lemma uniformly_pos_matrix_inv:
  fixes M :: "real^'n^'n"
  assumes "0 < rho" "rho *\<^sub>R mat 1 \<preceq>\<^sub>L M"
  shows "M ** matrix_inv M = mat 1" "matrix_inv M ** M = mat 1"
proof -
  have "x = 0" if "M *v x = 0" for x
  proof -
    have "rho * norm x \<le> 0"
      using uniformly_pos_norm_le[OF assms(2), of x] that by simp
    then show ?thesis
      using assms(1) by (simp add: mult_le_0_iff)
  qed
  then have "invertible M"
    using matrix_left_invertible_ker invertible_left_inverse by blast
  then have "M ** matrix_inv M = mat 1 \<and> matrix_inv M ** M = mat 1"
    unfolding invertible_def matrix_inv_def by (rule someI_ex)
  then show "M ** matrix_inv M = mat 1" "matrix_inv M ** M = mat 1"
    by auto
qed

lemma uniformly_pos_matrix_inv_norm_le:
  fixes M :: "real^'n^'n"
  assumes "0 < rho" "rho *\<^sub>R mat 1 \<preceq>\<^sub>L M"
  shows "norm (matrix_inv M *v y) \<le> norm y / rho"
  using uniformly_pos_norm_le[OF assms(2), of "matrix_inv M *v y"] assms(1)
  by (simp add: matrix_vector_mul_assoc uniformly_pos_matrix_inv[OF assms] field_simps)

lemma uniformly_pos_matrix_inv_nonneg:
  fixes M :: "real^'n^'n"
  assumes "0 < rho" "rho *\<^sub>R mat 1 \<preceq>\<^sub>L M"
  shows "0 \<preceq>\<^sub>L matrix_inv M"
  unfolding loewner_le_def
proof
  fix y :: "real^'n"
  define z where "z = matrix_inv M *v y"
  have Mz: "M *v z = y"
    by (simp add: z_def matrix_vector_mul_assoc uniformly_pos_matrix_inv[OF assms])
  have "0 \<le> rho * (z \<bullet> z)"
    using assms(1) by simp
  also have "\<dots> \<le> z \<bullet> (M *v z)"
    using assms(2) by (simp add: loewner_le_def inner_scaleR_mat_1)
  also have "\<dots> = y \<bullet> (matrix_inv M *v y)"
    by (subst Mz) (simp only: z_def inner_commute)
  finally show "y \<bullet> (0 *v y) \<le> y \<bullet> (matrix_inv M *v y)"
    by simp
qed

- - - - - - -

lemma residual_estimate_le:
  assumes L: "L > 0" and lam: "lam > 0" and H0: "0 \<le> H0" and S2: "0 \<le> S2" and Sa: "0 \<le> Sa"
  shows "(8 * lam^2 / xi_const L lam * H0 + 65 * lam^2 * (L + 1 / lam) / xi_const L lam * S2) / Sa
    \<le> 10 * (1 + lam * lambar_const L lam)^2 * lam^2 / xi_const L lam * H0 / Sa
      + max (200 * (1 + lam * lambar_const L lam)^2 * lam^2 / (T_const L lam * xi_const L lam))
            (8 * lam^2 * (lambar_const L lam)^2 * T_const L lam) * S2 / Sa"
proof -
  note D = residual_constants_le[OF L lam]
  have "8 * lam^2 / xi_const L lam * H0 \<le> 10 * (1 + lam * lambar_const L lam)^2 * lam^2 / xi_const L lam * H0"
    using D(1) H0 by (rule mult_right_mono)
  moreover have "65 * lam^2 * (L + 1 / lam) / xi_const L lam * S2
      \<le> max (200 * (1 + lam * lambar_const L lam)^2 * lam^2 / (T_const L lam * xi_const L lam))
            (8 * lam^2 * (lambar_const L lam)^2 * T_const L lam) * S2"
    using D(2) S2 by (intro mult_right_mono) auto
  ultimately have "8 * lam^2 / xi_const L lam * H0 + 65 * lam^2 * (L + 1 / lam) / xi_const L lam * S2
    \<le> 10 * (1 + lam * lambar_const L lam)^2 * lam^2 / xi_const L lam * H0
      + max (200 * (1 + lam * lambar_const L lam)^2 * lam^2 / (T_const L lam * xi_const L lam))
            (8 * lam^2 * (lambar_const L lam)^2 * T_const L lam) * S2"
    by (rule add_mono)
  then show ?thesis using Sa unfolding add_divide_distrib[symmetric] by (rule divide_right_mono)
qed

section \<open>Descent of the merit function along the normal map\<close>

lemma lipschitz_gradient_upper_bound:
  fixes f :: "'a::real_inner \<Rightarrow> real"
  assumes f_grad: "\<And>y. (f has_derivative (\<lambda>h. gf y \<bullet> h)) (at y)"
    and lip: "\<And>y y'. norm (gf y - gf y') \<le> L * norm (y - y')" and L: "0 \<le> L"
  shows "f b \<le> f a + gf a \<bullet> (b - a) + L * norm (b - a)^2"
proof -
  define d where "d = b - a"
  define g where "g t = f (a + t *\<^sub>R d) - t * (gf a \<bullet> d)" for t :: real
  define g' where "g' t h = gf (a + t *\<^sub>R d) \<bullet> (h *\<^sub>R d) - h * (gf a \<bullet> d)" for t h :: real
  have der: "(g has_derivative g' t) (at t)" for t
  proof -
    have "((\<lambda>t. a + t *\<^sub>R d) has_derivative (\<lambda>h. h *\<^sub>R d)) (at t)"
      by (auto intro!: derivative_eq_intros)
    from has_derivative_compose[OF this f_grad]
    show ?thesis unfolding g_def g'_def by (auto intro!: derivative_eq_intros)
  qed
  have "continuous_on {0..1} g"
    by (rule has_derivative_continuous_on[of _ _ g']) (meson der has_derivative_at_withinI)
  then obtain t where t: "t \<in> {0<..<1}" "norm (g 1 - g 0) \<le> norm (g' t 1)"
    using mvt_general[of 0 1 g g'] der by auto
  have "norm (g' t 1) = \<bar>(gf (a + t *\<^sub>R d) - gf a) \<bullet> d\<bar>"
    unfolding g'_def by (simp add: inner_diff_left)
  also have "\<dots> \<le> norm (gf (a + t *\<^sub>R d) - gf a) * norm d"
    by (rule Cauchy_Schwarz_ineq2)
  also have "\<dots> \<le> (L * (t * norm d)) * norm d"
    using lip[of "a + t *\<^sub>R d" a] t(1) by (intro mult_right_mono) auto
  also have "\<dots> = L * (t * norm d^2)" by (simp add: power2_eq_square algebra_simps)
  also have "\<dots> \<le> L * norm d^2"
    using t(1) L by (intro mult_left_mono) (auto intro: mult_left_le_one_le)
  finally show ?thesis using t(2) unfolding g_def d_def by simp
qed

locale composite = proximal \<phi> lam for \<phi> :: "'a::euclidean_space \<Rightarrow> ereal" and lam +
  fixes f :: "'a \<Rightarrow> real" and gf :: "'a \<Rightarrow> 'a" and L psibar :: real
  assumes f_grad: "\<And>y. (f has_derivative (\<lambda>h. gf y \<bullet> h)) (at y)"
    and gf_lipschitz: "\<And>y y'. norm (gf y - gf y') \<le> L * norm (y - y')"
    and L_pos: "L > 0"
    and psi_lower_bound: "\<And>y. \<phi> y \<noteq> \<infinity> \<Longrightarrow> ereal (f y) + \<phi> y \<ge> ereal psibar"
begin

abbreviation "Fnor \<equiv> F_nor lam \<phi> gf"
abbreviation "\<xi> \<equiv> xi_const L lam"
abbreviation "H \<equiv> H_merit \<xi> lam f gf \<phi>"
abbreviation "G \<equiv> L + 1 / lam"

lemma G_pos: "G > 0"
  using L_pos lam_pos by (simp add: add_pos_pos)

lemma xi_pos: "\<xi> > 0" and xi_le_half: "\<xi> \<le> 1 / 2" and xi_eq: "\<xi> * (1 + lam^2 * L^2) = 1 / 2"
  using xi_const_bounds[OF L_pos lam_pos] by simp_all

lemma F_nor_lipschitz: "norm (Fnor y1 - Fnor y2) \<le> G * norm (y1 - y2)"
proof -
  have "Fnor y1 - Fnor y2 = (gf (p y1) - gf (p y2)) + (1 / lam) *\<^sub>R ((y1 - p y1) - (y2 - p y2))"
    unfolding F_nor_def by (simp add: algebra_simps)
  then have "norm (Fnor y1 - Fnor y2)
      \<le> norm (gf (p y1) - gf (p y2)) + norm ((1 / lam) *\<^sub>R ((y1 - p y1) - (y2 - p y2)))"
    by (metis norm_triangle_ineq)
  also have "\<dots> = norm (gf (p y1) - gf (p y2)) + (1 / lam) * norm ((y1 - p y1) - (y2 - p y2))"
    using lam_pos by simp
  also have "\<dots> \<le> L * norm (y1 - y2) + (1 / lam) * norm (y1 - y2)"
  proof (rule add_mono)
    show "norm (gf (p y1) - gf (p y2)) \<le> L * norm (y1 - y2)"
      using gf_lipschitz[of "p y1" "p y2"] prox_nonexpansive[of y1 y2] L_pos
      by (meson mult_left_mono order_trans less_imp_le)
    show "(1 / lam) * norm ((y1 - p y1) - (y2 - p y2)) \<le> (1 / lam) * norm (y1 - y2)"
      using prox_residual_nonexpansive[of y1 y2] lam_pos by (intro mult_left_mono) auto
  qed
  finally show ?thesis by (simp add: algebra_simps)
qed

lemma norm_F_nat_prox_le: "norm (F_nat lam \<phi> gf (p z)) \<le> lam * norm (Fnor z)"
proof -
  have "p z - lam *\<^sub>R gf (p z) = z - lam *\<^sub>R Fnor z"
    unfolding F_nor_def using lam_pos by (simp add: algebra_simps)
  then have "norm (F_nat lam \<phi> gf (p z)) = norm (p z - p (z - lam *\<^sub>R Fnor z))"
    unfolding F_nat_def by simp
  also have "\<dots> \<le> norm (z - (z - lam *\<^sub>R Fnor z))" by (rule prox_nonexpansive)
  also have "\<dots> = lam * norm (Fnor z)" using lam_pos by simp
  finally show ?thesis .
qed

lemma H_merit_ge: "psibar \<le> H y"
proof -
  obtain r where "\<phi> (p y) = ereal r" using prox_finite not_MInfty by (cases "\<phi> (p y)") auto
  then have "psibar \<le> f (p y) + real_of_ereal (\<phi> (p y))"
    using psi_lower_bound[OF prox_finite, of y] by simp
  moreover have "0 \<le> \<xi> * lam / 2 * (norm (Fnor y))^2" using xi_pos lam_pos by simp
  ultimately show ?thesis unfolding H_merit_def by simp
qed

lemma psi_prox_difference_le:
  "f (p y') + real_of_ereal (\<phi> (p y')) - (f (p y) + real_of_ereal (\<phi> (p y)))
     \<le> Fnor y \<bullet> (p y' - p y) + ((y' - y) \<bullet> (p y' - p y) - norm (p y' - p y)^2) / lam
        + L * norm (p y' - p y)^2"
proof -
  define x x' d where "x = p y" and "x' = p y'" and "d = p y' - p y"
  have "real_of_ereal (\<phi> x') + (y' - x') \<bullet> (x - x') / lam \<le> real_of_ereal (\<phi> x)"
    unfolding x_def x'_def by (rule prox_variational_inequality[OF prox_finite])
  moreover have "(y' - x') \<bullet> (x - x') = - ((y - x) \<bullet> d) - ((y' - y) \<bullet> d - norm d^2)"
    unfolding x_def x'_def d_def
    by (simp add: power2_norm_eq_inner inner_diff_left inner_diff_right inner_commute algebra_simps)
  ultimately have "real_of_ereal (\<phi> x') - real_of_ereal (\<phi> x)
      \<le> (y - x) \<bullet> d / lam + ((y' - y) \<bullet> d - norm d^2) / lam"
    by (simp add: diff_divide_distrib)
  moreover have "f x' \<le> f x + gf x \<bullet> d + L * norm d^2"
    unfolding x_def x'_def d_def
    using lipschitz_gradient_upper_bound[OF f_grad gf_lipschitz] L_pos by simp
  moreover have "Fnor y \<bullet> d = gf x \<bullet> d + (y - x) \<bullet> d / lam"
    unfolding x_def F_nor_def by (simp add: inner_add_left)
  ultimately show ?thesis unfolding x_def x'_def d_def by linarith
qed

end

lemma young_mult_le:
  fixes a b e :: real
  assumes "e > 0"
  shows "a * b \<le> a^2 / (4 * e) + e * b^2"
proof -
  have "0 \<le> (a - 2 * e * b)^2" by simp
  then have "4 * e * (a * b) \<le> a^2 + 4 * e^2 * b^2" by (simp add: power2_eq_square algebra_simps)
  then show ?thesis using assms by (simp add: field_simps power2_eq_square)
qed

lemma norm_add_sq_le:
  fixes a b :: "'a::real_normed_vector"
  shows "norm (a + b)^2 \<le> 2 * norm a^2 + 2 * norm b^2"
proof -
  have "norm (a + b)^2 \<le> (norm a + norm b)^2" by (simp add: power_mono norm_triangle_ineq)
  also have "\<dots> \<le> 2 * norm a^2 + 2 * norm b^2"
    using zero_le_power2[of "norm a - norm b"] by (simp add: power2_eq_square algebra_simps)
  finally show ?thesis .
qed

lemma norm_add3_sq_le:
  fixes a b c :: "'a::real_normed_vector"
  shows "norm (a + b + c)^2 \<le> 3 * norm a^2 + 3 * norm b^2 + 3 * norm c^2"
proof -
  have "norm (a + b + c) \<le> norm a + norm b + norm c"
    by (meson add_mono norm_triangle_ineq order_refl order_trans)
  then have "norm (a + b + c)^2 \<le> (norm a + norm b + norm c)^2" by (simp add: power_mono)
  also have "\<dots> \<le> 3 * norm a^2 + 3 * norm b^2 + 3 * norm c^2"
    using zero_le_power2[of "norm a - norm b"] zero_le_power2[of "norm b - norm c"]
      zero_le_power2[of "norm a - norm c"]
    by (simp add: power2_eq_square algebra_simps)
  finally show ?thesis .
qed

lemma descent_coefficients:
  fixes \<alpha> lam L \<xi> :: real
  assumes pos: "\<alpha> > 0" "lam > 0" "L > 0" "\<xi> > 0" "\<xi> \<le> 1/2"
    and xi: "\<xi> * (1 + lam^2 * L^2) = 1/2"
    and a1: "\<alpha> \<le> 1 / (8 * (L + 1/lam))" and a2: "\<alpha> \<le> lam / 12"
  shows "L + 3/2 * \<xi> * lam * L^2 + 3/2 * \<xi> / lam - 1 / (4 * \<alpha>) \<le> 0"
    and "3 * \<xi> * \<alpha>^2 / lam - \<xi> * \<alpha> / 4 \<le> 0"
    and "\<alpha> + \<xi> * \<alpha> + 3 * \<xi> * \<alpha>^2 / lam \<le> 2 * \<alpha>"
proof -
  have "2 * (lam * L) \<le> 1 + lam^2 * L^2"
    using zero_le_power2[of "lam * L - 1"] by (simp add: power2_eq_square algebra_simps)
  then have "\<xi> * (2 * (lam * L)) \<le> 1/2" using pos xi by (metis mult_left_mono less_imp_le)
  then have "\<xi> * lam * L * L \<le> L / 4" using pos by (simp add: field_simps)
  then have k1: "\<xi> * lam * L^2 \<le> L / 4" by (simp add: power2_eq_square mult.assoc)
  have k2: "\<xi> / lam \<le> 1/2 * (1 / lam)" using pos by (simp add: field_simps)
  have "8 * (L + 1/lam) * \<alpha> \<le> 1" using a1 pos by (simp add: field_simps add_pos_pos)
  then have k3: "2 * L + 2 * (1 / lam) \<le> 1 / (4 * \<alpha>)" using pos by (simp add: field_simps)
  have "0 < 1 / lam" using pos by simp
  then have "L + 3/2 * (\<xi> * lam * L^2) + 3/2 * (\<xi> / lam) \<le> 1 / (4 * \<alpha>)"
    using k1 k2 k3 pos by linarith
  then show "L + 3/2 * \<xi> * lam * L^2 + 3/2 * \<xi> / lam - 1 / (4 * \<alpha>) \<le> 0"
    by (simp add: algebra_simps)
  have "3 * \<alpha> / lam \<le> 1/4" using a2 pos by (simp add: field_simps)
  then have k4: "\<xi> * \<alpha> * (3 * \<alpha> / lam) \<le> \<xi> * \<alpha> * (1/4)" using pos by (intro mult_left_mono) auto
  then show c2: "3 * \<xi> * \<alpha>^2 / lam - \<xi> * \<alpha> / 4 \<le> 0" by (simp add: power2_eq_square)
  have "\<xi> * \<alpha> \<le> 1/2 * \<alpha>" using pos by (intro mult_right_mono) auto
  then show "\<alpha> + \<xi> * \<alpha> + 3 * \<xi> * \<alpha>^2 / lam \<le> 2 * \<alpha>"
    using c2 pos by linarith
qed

- - - - - - -

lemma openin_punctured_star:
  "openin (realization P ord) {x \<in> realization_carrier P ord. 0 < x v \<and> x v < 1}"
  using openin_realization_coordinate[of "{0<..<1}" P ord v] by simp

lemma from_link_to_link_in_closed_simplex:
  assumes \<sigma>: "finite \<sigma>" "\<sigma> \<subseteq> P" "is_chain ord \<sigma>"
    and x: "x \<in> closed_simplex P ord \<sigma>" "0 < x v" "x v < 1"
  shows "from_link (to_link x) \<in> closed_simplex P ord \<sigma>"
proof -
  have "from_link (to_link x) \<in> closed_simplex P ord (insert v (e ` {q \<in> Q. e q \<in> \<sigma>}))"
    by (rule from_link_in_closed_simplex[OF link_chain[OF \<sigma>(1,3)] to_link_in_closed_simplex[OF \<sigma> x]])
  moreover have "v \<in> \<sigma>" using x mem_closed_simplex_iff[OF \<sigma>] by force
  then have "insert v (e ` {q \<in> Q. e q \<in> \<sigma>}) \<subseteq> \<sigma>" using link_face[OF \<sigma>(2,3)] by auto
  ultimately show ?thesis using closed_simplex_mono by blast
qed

- - - - - - -

**TASK**
Work through the records above and count the lines that hold the string "obtain". Please give only that figure.

**SOLUTION TO THE EXERCISE**
2